■ Extracted records ■
____________

(* Assume the setting described in the context (in particular $f=\frac1n\sum_{i=1}^n f_i$ is convex and $L$-smooth with minimizer $\mathbf{x}^\star$, the stochastic gradients have variance at most $\sigma^2$, the gradient dissimilarity is at most $\zeta^2$, and the compressor $\mathcal{C}_R$ satisfies $\mathbb{E}\|\mathcal{C}_R(\mathbf{x})-\mathbf{x}\|^2\le (1-\delta)^R\|\mathbf{x}\|^2$). Let $(\mathbf{y}_t)$, $(\mathbf{g}^i_t)$, $(\hat{\mathbf{g}}^i_t)$ be generated by NEOLITHIC with positive step weights $(a_t)_{t\ge1}$, and for $t\ge 0$ let $$E_{t+1}:=\mathbb{E}\Big\|\sum_{j=0}^{t-1} a_{j+1}\Big(\mathbf{g}_j-\frac1n\sum_{i=1}^n\hat{\mathbf{g}}^i_j\Big)\Big\|^2,\qquad \mathbf{g}_j:=\frac1n\sum_{i=1}^n \mathbf{g}^i_j .$$ Then for every $T\ge1$ and every choice of nonnegative weights $w_1,\dots,w_T$, $$\sum_{t=0}^{T-1} w_{t+1}E_{t+1}\le (1-\delta)^R\zeta^2\sum_{t=0}^{T-1}w_{t+1}\,t\sum_{j=0}^{t-1}a_{j+1}^2+2L(1-\delta)^R\sum_{t=0}^{T-1}w_{t+1}\,t\sum_{j=0}^{t-1}a_{j+1}^2\,\mathbb{E}\big[\beta_f(\mathbf{y}_j,\mathbf{x}^\star)\big]+(1-\delta)^R\sigma^2\sum_{t=0}^{T-1}w_{t+1}\,t\sum_{j=0}^{t-1}a_{j+1}^2 .$$
   Context: Setting: $f(\mathbf{x})=\frac1n\sum_{i=1}^n f_i(\mathbf{x})$ on $\mathbb{R}^d$, $f$ convex and $L$-smooth (gradient $L$-Lipschitz), with a minimizer $\mathbf{x}^\star$. Bregman divergence: $\beta_f(\mathbf{x},\mathbf{y}):=f(\mathbf{x})-f(\mathbf{y})-\langle\nabla f(\mathbf{y}),\mathbf{x}-\mathbf{y}\rangle$. Each client $i$ has a stochastic gradient oracle $\mathbf{g}_i(\mathbf{x},\xi)$ with $\mathbb{E}_\xi[\mathbf{g}_i(\mathbf{x},\xi)]=\nabla f_i(\mathbf{x})$ and $\mathbb{E}_\xi\|\mathbf{g}_i(\mathbf{x},\xi)-\nabla f_i(\mathbf{x})\|^2\le\sigma^2$ for all $\mathbf{x}$, with fresh independent samples at each query. Gradient similarity: $\frac1n\sum_{i=1}^n\|\nabla f_i(\mathbf{x})-\nabla f(\mathbf{x})\|^2\le\zeta^2$ for all $\mathbf{x}$. Compressor: a (possibly randomized) map $\mathcal{C}:\mathbb{R}^d\to\mathbb{R}^d$ is $\delta$-contractive ($\delta\in(0,1]$) if $\mathbb{E}\|\mathcal{C}(\mathbf{x})-\mathbf{x}\|^2\le(1-\delta)\|\mathbf{x}\|^2$ for all $\mathbf{x}$. The repeated compressor $\mathcal{C}_R$ (integer $R\ge1$) is defined by $\mathbf{c}_0=\mathbf{0}$, $\Delta_q=\mathcal{C}(\mathbf{x}-\mathbf{c}_{q-1})$, $\mathbf{c}_q=\mathbf{c}_{q-1}+\Delta_q$ for $q=1,\dots,R$, and $\mathcal{C}_R(\mathbf{x}):=\sum_{q=1}^R\Delta_q$ (each $\Delta_q$ is one communication round). It is known that $\mathbb{E}\|\mathcal{C}_R(\mathbf{x})-\mathbf{x}\|^2\le(1-\delta)^R\|\mathbf{x}\|^2$ for all $\mathbf{x}$; compressor randomness is independent of everything else. NEOLITHIC: given $\mathbf{x}_0,\mathbf{v}_0$, $A_0\ge0$ and $a_t>0$, for $t=0,1,\dots$: $A_{t+1}=A_t+a_{t+1}$; $\mathbf{y}_t=\frac{A_t}{A_{t+1}}\mathbf{x}_t+\frac{a_{t+1}}{A_{t+1}}\mathbf{v}_t$; each client $i$ computes $\mathbf{g}^i_t=\mathbf{g}_i(\mathbf{y}_t,\xi^i_t)$ and $\hat{\mathbf{g}}^i_t=\mathcal{C}_R(\mathbf{g}^i_t)$, sent to the server; server sets $\hat{\mathbf{g}}_t=\frac1n\sum_i\hat{\mathbf{g}}^i_t$, $\mathbf{v}_{t+1}=\mathbf{v}_t-a_{t+1}\hat{\mathbf{g}}_t$, $\mathbf{x}_{t+1}=\frac{A_t}{A_{t+1}}\mathbf{x}_t+\frac{a_{t+1}}{A_{t+1}}\mathbf{v}_{t+1}$. *)

theory Defs
  imports "HOL-Probability.Probability"
begin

____________

■ Problem details ■
Every entry is to be restated exactly, with no line dropped.

■ Task solution ■
(* Assume the setting described in the context (in particular $f=\frac1n\sum_{i=1}^n f_i$ is convex and $L$-smooth with minimizer $\mathbf{x}^\star$, the stochastic gradients have variance at most $\sigma^2$, the gradient dissimilarity is at most $\zeta^2$, and the compressor $\mathcal{C}_R$ satisfies $\mathbb{E}\|\mathcal{C}_R(\mathbf{x})-\mathbf{x}\|^2\le (1-\delta)^R\|\mathbf{x}\|^2$). Let $(\mathbf{y}_t)$, $(\mathbf{g}^i_t)$, $(\hat{\mathbf{g}}^i_t)$ be generated by NEOLITHIC with positive step weights $(a_t)_{t\ge1}$, and for $t\ge 0$ let $$E_{t+1}:=\mathbb{E}\Big\|\sum_{j=0}^{t-1} a_{j+1}\Big(\mathbf{g}_j-\frac1n\sum_{i=1}^n\hat{\mathbf{g}}^i_j\Big)\Big\|^2,\qquad \mathbf{g}_j:=\frac1n\sum_{i=1}^n \mathbf{g}^i_j .$$ Then for every $T\ge1$ and every choice of nonnegative weights $w_1,\dots,w_T$, $$\sum_{t=0}^{T-1} w_{t+1}E_{t+1}\le (1-\delta)^R\zeta^2\sum_{t=0}^{T-1}w_{t+1}\,t\sum_{j=0}^{t-1}a_{j+1}^2+2L(1-\delta)^R\sum_{t=0}^{T-1}w_{t+1}\,t\sum_{j=0}^{t-1}a_{j+1}^2\,\mathbb{E}\big[\beta_f(\mathbf{y}_j,\mathbf{x}^\star)\big]+(1-\delta)^R\sigma^2\sum_{t=0}^{T-1}w_{t+1}\,t\sum_{j=0}^{t-1}a_{j+1}^2 .$$
   Context: Setting: $f(\mathbf{x})=\frac1n\sum_{i=1}^n f_i(\mathbf{x})$ on $\mathbb{R}^d$, $f$ convex and $L$-smooth (gradient $L$-Lipschitz), with a minimizer $\mathbf{x}^\star$. Bregman divergence: $\beta_f(\mathbf{x},\mathbf{y}):=f(\mathbf{x})-f(\mathbf{y})-\langle\nabla f(\mathbf{y}),\mathbf{x}-\mathbf{y}\rangle$. Each client $i$ has a stochastic gradient oracle $\mathbf{g}_i(\mathbf{x},\xi)$ with $\mathbb{E}_\xi[\mathbf{g}_i(\mathbf{x},\xi)]=\nabla f_i(\mathbf{x})$ and $\mathbb{E}_\xi\|\mathbf{g}_i(\mathbf{x},\xi)-\nabla f_i(\mathbf{x})\|^2\le\sigma^2$ for all $\mathbf{x}$, with fresh independent samples at each query. Gradient similarity: $\frac1n\sum_{i=1}^n\|\nabla f_i(\mathbf{x})-\nabla f(\mathbf{x})\|^2\le\zeta^2$ for all $\mathbf{x}$. Compressor: a (possibly randomized) map $\mathcal{C}:\mathbb{R}^d\to\mathbb{R}^d$ is $\delta$-contractive ($\delta\in(0,1]$) if $\mathbb{E}\|\mathcal{C}(\mathbf{x})-\mathbf{x}\|^2\le(1-\delta)\|\mathbf{x}\|^2$ for all $\mathbf{x}$. The repeated compressor $\mathcal{C}_R$ (integer $R\ge1$) is defined by $\mathbf{c}_0=\mathbf{0}$, $\Delta_q=\mathcal{C}(\mathbf{x}-\mathbf{c}_{q-1})$, $\mathbf{c}_q=\mathbf{c}_{q-1}+\Delta_q$ for $q=1,\dots,R$, and $\mathcal{C}_R(\mathbf{x}):=\sum_{q=1}^R\Delta_q$ (each $\Delta_q$ is one communication round). It is known that $\mathbb{E}\|\mathcal{C}_R(\mathbf{x})-\mathbf{x}\|^2\le(1-\delta)^R\|\mathbf{x}\|^2$ for all $\mathbf{x}$; compressor randomness is independent of everything else. NEOLITHIC: given $\mathbf{x}_0,\mathbf{v}_0$, $A_0\ge0$ and $a_t>0$, for $t=0,1,\dots$: $A_{t+1}=A_t+a_{t+1}$; $\mathbf{y}_t=\frac{A_t}{A_{t+1}}\mathbf{x}_t+\frac{a_{t+1}}{A_{t+1}}\mathbf{v}_t$; each client $i$ computes $\mathbf{g}^i_t=\mathbf{g}_i(\mathbf{y}_t,\xi^i_t)$ and $\hat{\mathbf{g}}^i_t=\mathcal{C}_R(\mathbf{g}^i_t)$, sent to the server; server sets $\hat{\mathbf{g}}_t=\frac1n\sum_i\hat{\mathbf{g}}^i_t$, $\mathbf{v}_{t+1}=\mathbf{v}_t-a_{t+1}\hat{\mathbf{g}}_t$, $\mathbf{x}_{t+1}=\frac{A_t}{A_{t+1}}\mathbf{x}_t+\frac{a_{t+1}}{A_{t+1}}\mathbf{v}_{t+1}$. *)

theory Defs
  imports "HOL-Probability.Probability"
begin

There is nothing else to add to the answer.